慕遥僵坐着,一时间只觉得心中五味杂陈,难以表达。
她恨了黎北辰六年,整整六年她都觉得黎北辰不讲道理,都觉得是黎北辰错了……
“我刚刚给祁漠的数据是假的,他用了只会自己亏损到破产。”慕向贤在对面继续开口,声音和脸色都是一片决绝,“金融市场日新月异,就算我真记得当年的操控数据,也不见得能再制造一场金融风暴。不过他不会知道这些,到时候我们已经在美国了……我们可以买个新房子,开始新生活。”
说到这里,慕向贤看了眼腕表,已经到了登机时间。
“好了,爸爸把一切都告诉你了!我们走吧?”他拿起放在旁边的行李小包,“我们上了飞机,就把一切都忘掉,来!你拿着这个袋子!”
慕遥没有接,也没有动。
“爸爸。”在慕向贤疑惑的目光里,慕遥深吸了口气抬头,嗓音很哑,态度却很坚定,“我不走。”
六年前她尚且可以因为恨,一走了之。
六年后,知道这些,她还怎么走?
“我知道这些你难以接受,但爸爸都是为了我们家啊!”看着慕遥眼眶红红,
慕向贤有些着急,赶着时间劝她,“去了美国,你可以继续读书,把专业学好找新工作……爸爸知道你在C市闯拼很艰难,去美国会好起来的……”
他描绘的美好图景,慕遥根本不为所动,终于在某一刻,慕遥忍不住打断——
“爸爸,所以从头到尾,都是您利用了黎家?您当年害惨了黎家?”慕遥截断了他的话,从慕向贤的眼神中,得到了肯定的答案。她喉头哽咽了一下,起身转向门外,坚定开口,“爸爸,我不走。黎北辰他……对我很好。”
她终于明白了黎北辰从不让她见爸爸的原因!
她也终于明白了黎北辰从来不向她解释的原因!
他要怎么解释?
他本身就是那场恩怨中的受害者,以他的骄傲,绝对不会说半句。
况且就算说了,她又怎么会信?爸爸从小就是她奉为真理的人,她只会因为他的“污蔑”而更恨他!
原来在这场感情里,她对不起他的……那么多。
“爸爸,你走吧。”隐忍着眼底的泪,慕遥冷静地开口,把最后一袋行李送到慕向贤手上,“我不会告诉任何人,你去了美国以后……要好好的。我……我想留下来。”
这是她的最终决定。
而慕向贤也终于在这一刻发怒——
“你又要回黎北辰身边?他到底给你灌了什么*汤,你连爸爸都不要了?”慕向贤挡住她的去路,气急败坏,歇斯底里,“他到底跟你说过什么污蔑爸爸的话?你非要信任他不成?你别忘了,昨天在你高中门口,是他派了人要杀我!”

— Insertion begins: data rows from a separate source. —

text \<open>Between consecutive squares \<open>k\<^sup>2 \<le> T < (k + 1)\<^sup>2\<close> the partial sums move by at most \<open>2k\<close>,
  which is negligible against \<open>T \<ge> k\<^sup>2\<close>.\<close>
lemma avg_tendsto_zero_of_squares:
  fixes x :: "nat \<Rightarrow> real"
  assumes bnd: "\<And>t. \<bar>x t\<bar> \<le> 1" and sq: "(\<lambda>k. avg x (k\<^sup>2)) \<longlonglongrightarrow> 0"
  shows "(\<lambda>T. avg x T) \<longlonglongrightarrow> 0"
proof (rule Lim_null_comparison)
  define S where "S T = (\<Sum>t=1..T. x t)" for T
  have "(\<lambda>k. \<bar>avg x (k\<^sup>2)\<bar> + 2 / real k) \<longlonglongrightarrow> 0 + 0"
    by (intro tendsto_add tendsto_rabs_zero sq lim_const_over_n)
  then show "(\<lambda>T. \<bar>avg x ((floor_sqrt T)\<^sup>2)\<bar> + 2 / real (floor_sqrt T)) \<longlonglongrightarrow> 0"
    using filterlim_compose[OF _ filterlim_floor_sqrt] by simp
  show "\<forall>\<^sub>F T in sequentially. norm (avg x T) \<le> \<bar>avg x ((floor_sqrt T)\<^sup>2)\<bar> + 2 / real (floor_sqrt T)"
  proof (rule eventually_mono[OF eventually_ge_at_top[of 1]])
    fix T :: nat assume T: "1 \<le> T"
    define k where "k = floor_sqrt T"
    have k: "1 \<le> k" "k\<^sup>2 \<le> T" "T \<le> k\<^sup>2 + 2 * k"
      using T Suc_floor_sqrt_power2_gt[of T] le_floor_sqrtI[of 1 T] floor_sqrt_power2_le[of T]
      by (auto simp: k_def power2_eq_square)
    have Tk: "real (k\<^sup>2) \<le> real T" "0 < real (k\<^sup>2)" using k by (auto simp del: of_nat_power)
    have tail: "\<bar>S T - S (k\<^sup>2)\<bar> \<le> 2 * real k"
    proof -
      have "T - k\<^sup>2 \<le> 2 * k" using k(3) by linarith
      then have "real (T - k\<^sup>2) \<le> 2 * real k" by (metis of_nat_mono of_nat_mult of_nat_numeral)
      then show ?thesis using abs_sum_diff_le[of x, OF bnd k(2)] unfolding S_def by linarith
    qed
    have "\<bar>S T\<bar> / real T \<le> \<bar>S (k\<^sup>2)\<bar> / real T + \<bar>S T - S (k\<^sup>2)\<bar> / real T"
      by (simp add: add_divide_distrib[symmetric] divide_right_mono abs_triangle_ineq2_sym
          order_trans[OF abs_triangle_ineq])
    also have "\<dots> \<le> \<bar>S (k\<^sup>2)\<bar> / real (k\<^sup>2) + 2 * real k / real (k\<^sup>2)"
      using Tk tail by (intro add_mono frac_le) auto
    also have "2 * real k / real (k\<^sup>2) = 2 / real k"
      using k by (simp add: power2_eq_square)
    finally show "norm (avg x T) \<le> \<bar>avg x ((floor_sqrt T)\<^sup>2)\<bar> + 2 / real (floor_sqrt T)"
      by (simp add: avg_real S_def k_def abs_mult)
  qed
qed

section \<open>A strong law for bounded orthogonal sequences\<close>

lemma AE_tendsto_zero_of_summable_integrals:
  fixes Y :: "nat \<Rightarrow> 'a \<Rightarrow> real"
  assumes [measurable]: "\<And>m. Y m \<in> borel_measurable M"
    and nonneg: "\<And>m x. 0 \<le> Y m x" and int: "\<And>m. integrable M (Y m)"
    and summable: "summable (\<lambda>m. \<integral>x. Y m x \<partial>M)"
  shows "AE x in M. (\<lambda>m. Y m x) \<longlonglongrightarrow> 0"
proof -
  have "(\<integral>\<^sup>+x. (\<Sum>m. ennreal (Y m x)) \<partial>M) = (\<Sum>m. \<integral>\<^sup>+x. ennreal (Y m x) \<partial>M)"
    by (rule nn_integral_suminf) simp
  also have "\<dots> = (\<Sum>m. ennreal (\<integral>x. Y m x \<partial>M))"
    using nonneg by (intro suminf_cong nn_integral_eq_integral int AE_I2)
  also have "\<dots> \<noteq> \<infinity>"
    unfolding infinity_ennreal_def by (intro ennreal_suminf_neq_top summable integral_nonneg_AE AE_I2 nonneg)
  finally have "AE x in M. (\<Sum>m. ennreal (Y m x)) \<noteq> \<infinity>"
    by (rule nn_integral_PInf_AE[rotated]) measurable
  then show ?thesis
  proof (rule AE_mp, intro AE_I2 impI)
    fix x assume "(\<Sum>m. ennreal (Y m x)) \<noteq> \<infinity>"
    then have "summable (\<lambda>m. Y m x)" using nonneg by (intro summable_suminf_not_top) auto
    then show "(\<lambda>m. Y m x) \<longlonglongrightarrow> 0" by (rule summable_LIMSEQ_zero)
  qed
qed

lemma (in prob_space) integral_square_sum_orthogonal_le:
  fixes X :: "nat \<Rightarrow> 'a \<Rightarrow> real"
  assumes [measurable]: "\<And>t. X t \<in> borel_measurable M"
    and bnd: "\<And>t x. x \<in> space M \<Longrightarrow> \<bar>X t x\<bar> \<le> 1"
    and orth: "\<And>s t. s \<noteq> t \<Longrightarrow> (\<integral>x. X s x * X t x \<partial>M) = 0"
  shows "(\<integral>x. (\<Sum>t=1..T. X t x)\<^sup>2 \<partial>M) \<le> real T"
proof -
  have int: "integrable M (\<lambda>x. X s x * X t x)" for s t
    using bnd by (intro integrable_const_bound[where B=1]) (auto simp: abs_mult intro!: mult_le_one)
  have diag: "(\<Sum>t=1..T. \<integral>x. X s x * X t x \<partial>M) = (\<integral>x. X s x * X s x \<partial>M)" if "s \<in> {1..T}" for s
    using that orth by (subst sum.remove[of _ s]) (auto intro: sum.neutral)
  have "(\<integral>x. (\<Sum>t=1..T. X t x)\<^sup>2 \<partial>M) = (\<Sum>s=1..T. \<Sum>t=1..T. \<integral>x. X s x * X t x \<partial>M)"
    by (simp add: power2_eq_square sum_product int)
  also have "\<dots> = (\<Sum>s=1..T. \<integral>x. X s x * X s x \<partial>M)"
    by (rule sum.cong[OF refl diag])
  also have "\<dots> \<le> (\<Sum>s=1..T. \<integral>x. 1 \<partial>M)"
  proof (intro sum_mono integral_mono int)
    fix s x assume "x \<in> space M"
    then show "X s x * X s x \<le> 1"
      using mult_le_one[OF bnd abs_ge_zero bnd] by (metis abs_mult_self_eq)
  qed simp
  finally show ?thesis by (simp add: prob_space)
qed

text \<open>Along the squares \<open>T = k\<^sup>2\<close> the second moments of the averages are at most \<open>1/k\<^sup>2\<close>, hence
  summable; \<open>avg_tendsto_zero_of_squares\<close> fills the gaps between squares.\<close>
lemma (in prob_space) AE_avg_tendsto_zero_orthogonal:
  fixes X :: "nat \<Rightarrow> 'a \<Rightarrow> real"
  assumes [measurable]: "\<And>t. X t \<in> borel_measurable M"
    and bnd: "\<And>t x. x \<in> space M \<Longrightarrow> \<bar>X t x\<bar> \<le> 1"
    and orth: "\<And>s t. s \<noteq> t \<Longrightarrow> (\<integral>x. X s x * X t x \<partial>M) = 0"
  shows "AE x in M. (\<lambda>T. avg (\<lambda>t. X t x) T) \<longlonglongrightarrow> 0"
proof -
  define Y where "Y k x = (avg (\<lambda>t. X t x) (k\<^sup>2))\<^sup>2" for k x
  have Y_meas[measurable]: "Y k \<in> borel_measurable M" for k
    unfolding Y_def avg_real by measurable
  have sum_bnd: "\<bar>\<Sum>t=1..T. X t x\<bar> \<le> real T" if "x \<in> space M" for T x
    using abs_sum_diff_le[of "\<lambda>t. X t x" 0 T] bnd[OF that] by simp
  have int: "integrable M (Y k)" for k
  proof (rule integrable_const_bound[where B=1])
    show "AE x in M. norm (Y k x) \<le> 1"
    proof (rule AE_I2)
      fix x assume "x \<in> space M"
      then have "\<bar>avg (\<lambda>t. X t x) (k\<^sup>2)\<bar> \<le> 1"
        using sum_bnd[of x "k\<^sup>2"] by (cases "k = 0") (simp_all add: avg_real abs_mult divide_le_eq_1)
      then show "norm (Y k x) \<le> 1"
        unfolding Y_def by (simp add: abs_square_le_1)
    qed
  qed simp
  have EY: "(\<integral>x. Y k x \<partial>M) \<le> 1 / (real k)\<^sup>2" for k
  proof (cases "k = 0")
    case False
    have "(\<integral>x. Y k x \<partial>M) = (\<integral>x. (\<Sum>t=1..k\<^sup>2. X t x)\<^sup>2 \<partial>M) / ((real k)\<^sup>2)\<^sup>2"
      unfolding Y_def avg_real by (simp add: power_divide)
    also have "\<dots> \<le> real (k\<^sup>2) / ((real k)\<^sup>2)\<^sup>2"
      by (intro divide_right_mono integral_square_sum_orthogonal_le bnd orth) auto
    finally show ?thesis using False by (simp add: power2_eq_square)
  qed (simp add: Y_def avg_def)
  have summable: "summable (\<lambda>k. \<integral>x. Y k x \<partial>M)"
  proof (rule summable_comparison_test[OF _ inverse_power_summable[of 2]])
    show "\<exists>N. \<forall>k\<ge>N. norm (\<integral>x. Y k x \<partial>M) \<le> inverse (real k ^ 2)"
      using EY by (auto simp: Y_def inverse_eq_divide)
  qed simp
  have "AE x in M. (\<lambda>k. Y k x) \<longlonglongrightarrow> 0"
    by (rule AE_tendsto_zero_of_summable_integrals[OF Y_meas _ int summable]) (simp add: Y_def)
  then show ?thesis
  proof (rule AE_mp, intro AE_I2 impI)
    fix x assume "x \<in> space M" and "(\<lambda>k. Y k x) \<longlonglongrightarrow> 0"
    then have "(\<lambda>k. \<bar>avg (\<lambda>t. X t x) (k\<^sup>2)\<bar>) \<longlonglongrightarrow> 0"
      using tendsto_real_sqrt[of "\<lambda>k. Y k x" 0] by (simp add: Y_def)
    then have "(\<lambda>k. avg (\<lambda>t. X t x) (k\<^sup>2)) \<longlonglongrightarrow> 0"
      by (rule tendsto_rabs_zero_cancel)
    then show "(\<lambda>T. avg (\<lambda>t. X t x) T) \<longlonglongrightarrow> 0"
      using \<open>x \<in> space M\<close> bnd by (intro avg_tendsto_zero_of_squares) auto
  qed
qed

section \<open>Martingale differences\<close>

lemma (in prob_space) integral_mult_indicator_minus_cond_prob:
  assumes sub: "subalgebra M F" and A: "A \<in> sets M"
    and law: "\<And>E. E \<in> sets F \<Longrightarrow> measure M (A \<inter> E) = (LINT x:E|M. g x)"
    and g: "g \<in> borel_measurable F" "\<And>x. x \<in> space M \<Longrightarrow> \<bar>g x\<bar> \<le> 1"
    and h: "h \<in> borel_measurable F" "\<And>x. x \<in> space M \<Longrightarrow> \<bar>h x\<bar> \<le> 1"
  shows "(\<integral>x. h x * (indicator A x - g x) \<partial>M) = 0"
proof -
  interpret finite_measure_subalgebra M F
    by unfold_locales (rule sub)
  have [measurable]: "g \<in> borel_measurable M" "h \<in> borel_measurable M" "A \<in> sets M"
    using measurable_from_subalg[OF sub] g h A by auto
  have int_g: "integrable M g"
    using g by (intro integrable_const_bound[where B=1]) auto
  have int_A: "integrable M (indicator A :: 'a \<Rightarrow> real)"
    by (intro integrable_const_bound[where B=1]) (auto simp: indicator_def)
  have int_hA: "integrable M (\<lambda>x. h x * indicator A x)"
    using h by (intro integrable_const_bound[where B=1]) (auto simp: indicator_def)
  have int_hg: "integrable M (\<lambda>x. h x * g x)"
    using g h by (intro integrable_const_bound[where B=1]) (auto simp: abs_mult intro!: mult_le_one)
  have "AE x in M. real_cond_exp M F (indicator A) x = g x"
  proof (rule real_cond_exp_charact[OF _ int_A int_g g(1)])
    fix E assume E: "E \<in> sets F"
    then have "E \<in> sets M" using sub by (auto simp: subalgebra_def)
    then have "(LINT x:E|M. indicator A x) = measure M (A \<inter> E)"
      unfolding set_lebesgue_integral_def by (simp add: indicator_inter_arith[symmetric] mult.commute)
    then show "(LINT x:E|M. indicator A x) = (LINT x:E|M. g x)" using law[OF E] by simp
  qed
  then have "(\<integral>x. h x * g x \<partial>M) = (\<integral>x. h x * real_cond_exp M F (indicator A) x \<partial>M)"
    by (intro integral_cong_AE) auto
  also have "\<dots> = (\<integral>x. h x * indicator A x \<partial>M)"
    by (rule real_cond_exp_intg(2)[OF int_hA h(1)]) simp
  finally show ?thesis
    using int_hA int_hg by (simp add: right_diff_distrib)
qed
theorem lemma9:
  fixes M :: "'w measure"
    and X :: "nat \<Rightarrow> nat \<Rightarrow> real^'e"
    and \<Gamma> :: "real^'p^'e"
    and \<sigma> \<sigma>z :: real
    and lam :: "nat \<Rightarrow> real"
    and \<beta>0 :: "nat \<Rightarrow> real^'e"
    and E :: "nat \<Rightarrow> 'w \<Rightarrow> nat \<Rightarrow> real^'p"
    and \<epsilon> :: "nat \<Rightarrow> 'w \<Rightarrow> nat \<Rightarrow> real"
    and \<kappa> :: real and \<alpha>0 :: "real^'e" and \<Sigma> :: "real^'e^'e" and \<Theta> :: "real^'e"
  assumes prob: "prob_space M"
    and sig: "\<sigma> > 0" and sigz: "\<sigma>z > 0"
    and lam_nonneg: "\<And>n. lam n \<ge> 0"
    and E_normal: "\<And>n i j. i < n \<Longrightarrow>
          distributed M lborel (\<lambda>\<omega>. E n \<omega> i $ j) (normal_density 0 \<sigma>z)"
    and eps_normal: "\<And>n i. i < n \<Longrightarrow>
          distributed M lborel (\<lambda>\<omega>. \<epsilon> n \<omega> i) (normal_density 0 \<sigma>)"
    and indep: "\<And>n. prob_space.indep_vars M (\<lambda>_. borel)
          (\<lambda>k \<omega>. case k of Inl (i, j) \<Rightarrow> E n \<omega> i $ j | Inr i \<Rightarrow> \<epsilon> n \<omega> i)
          (({..<n} \<times> UNIV) <+> {..<n})"
    and kappa: "(\<lambda>n. lam n / real n) \<longlonglongrightarrow> \<kappa>" and kappa_nonneg: "\<kappa> \<ge> 0"
    and alpha: "(\<lambda>n. sqrt (real n) *\<^sub>R \<beta>0 n) \<longlonglongrightarrow> \<alpha>0"
    and Sigma: "(\<lambda>n. (1 / real n) *\<^sub>R (\<Sum>i<n. outerp (X n i))) \<longlonglongrightarrow> \<Sigma>"
    and Sigma_pd: "posdef \<Sigma>"
    and Theta: "(\<lambda>n. (1 / real n) *\<^sub>R (\<Sum>i<n. X n i)) \<longlonglongrightarrow> \<Theta>"
    and maxrow: "(\<lambda>n. (MAX i\<in>{..<n}. norm (X n i)) / real n powr (1/3)) \<longlonglongrightarrow> 0"
  defines "ytil \<equiv> \<lambda>n \<omega> i. aug (X n i v* \<Gamma> + E n \<omega> i) \<bullet>
            ridge_coef (lam n) (\<lambda>j. aug (X n j v* \<Gamma> + E n \<omega> j)) (\<lambda>j. X n j \<bullet> \<beta>0 n + \<epsilon> n \<omega> j) ({..<n} - {i})"
    and "yprime \<equiv> \<lambda>n \<omega> i. aug (X n i v* \<Gamma> + E n \<omega> i) \<bullet>
            ridge_coef (lam n) (\<lambda>j. aug (X n j v* \<Gamma> + E n \<omega> j)) (\<lambda>j. X n j \<bullet> \<beta>0 n) {..<n}
          + aug (X n i v* \<Gamma> + E n \<omega> i) \<bullet> ridge_coef (lam n) (\<lambda>j. aug (X n j v* \<Gamma> + E n \<omega> j)) (\<epsilon> n \<omega>) {..<n}"
  shows "small_oP M (\<lambda>n \<omega>. sqrt (\<Sum>i<n. (ytil n \<omega> i - yprime n \<omega> i)\<^sup>2))
       \<and> big_OP M (\<lambda>n \<omega>. sqrt (\<Sum>i<n. (ytil n \<omega> i)\<^sup>2))
       \<and> big_OP M (\<lambda>n \<omega>. sqrt (\<Sum>i<n. (yprime n \<omega> i)\<^sup>2))"
proof -
  interpret gaussian_noise M E \<epsilon> \<sigma> \<sigma>z
    by (rule gaussian_noise.intro[OF prob])
      (simp add: gaussian_noise_axioms_def sig sigz E_normal eps_normal indep)
  obtain Cm Mb B
    where "ridge_design M E \<epsilon> \<sigma> \<sigma>z (\<lambda>n j. X n j v* \<Gamma>) (\<lambda>n j. X n j \<bullet> \<beta>0 n) lam Cm Mb B"
    using ridge_design_of_regressors[where \<Gamma>=\<Gamma> and lam=lam,
        OF gaussian_noise_axioms lam_nonneg alpha Sigma Theta maxrow]
    by blast
  then interpret design: ridge_design M E \<epsilon> \<sigma> \<sigma>z "\<lambda>n j. X n j v* \<Gamma>" "\<lambda>n j. X n j \<bullet> \<beta>0 n" lam Cm Mb B .
  have coef: "ridge_coef (lam n) (\<lambda>j. aug (X n j v* \<Gamma> + E n \<omega> j)) (\<lambda>j. X n j \<bullet> \<beta>0 n + \<epsilon> n \<omega> j) S
      = ridge_coef (lam n) (design.zrow n \<omega>) (\<lambda>j. X n j \<bullet> \<beta>0 n + \<epsilon>tr n \<omega> j) S"
    if "S \<subseteq> {..<n}" for n \<omega> S
    using that by (intro ridge_coef_cong) (auto simp: design.zrow_def Etr_eq \<epsilon>tr_eq)
  have "ytil n \<omega> i = design.loo_fit n \<omega> i" and "yprime n \<omega> i = design.fit n \<omega> i"
    if "i < n" for n \<omega> i
    using that coef[of "{..<n} - {i}" n \<omega>] coef[of "{..<n}" n \<omega>]
    by (simp_all add: assms(15,16) design.loo_fit_def design.fit_def design.zrow_def Etr_eq
        ridge_coef_add flip: inner_add_right)
  then show ?thesis
    using design.loo_fit_diff_small_oP design.loo_fit_big_OP design.fit_big_OP by simp
qed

“那换做是您呢?”慕遥忍不住反驳,“如果您是他,有一个人毁了他的世界,您会怎么样?他从来没有对不起我,可是爸爸……您让我恨了他整整六年!”
慕向贤怔住。
“他什么都没有跟我说过。”慕遥深吸了口气,一把抹去眼眶的泪,再度恢复平静,“爸爸,不管您信不信,关于您的事,他从来没跟我说过。”
没有什么“*汤”,没有什么“污蔑”,什么都没有。
慕向贤怔怔地站着,此时的他看着慕遥的神情,只觉得自己输了全世界。他站在休息室的中央,喃喃地询问打算离开的慕遥:“你当真不打算跟我走?”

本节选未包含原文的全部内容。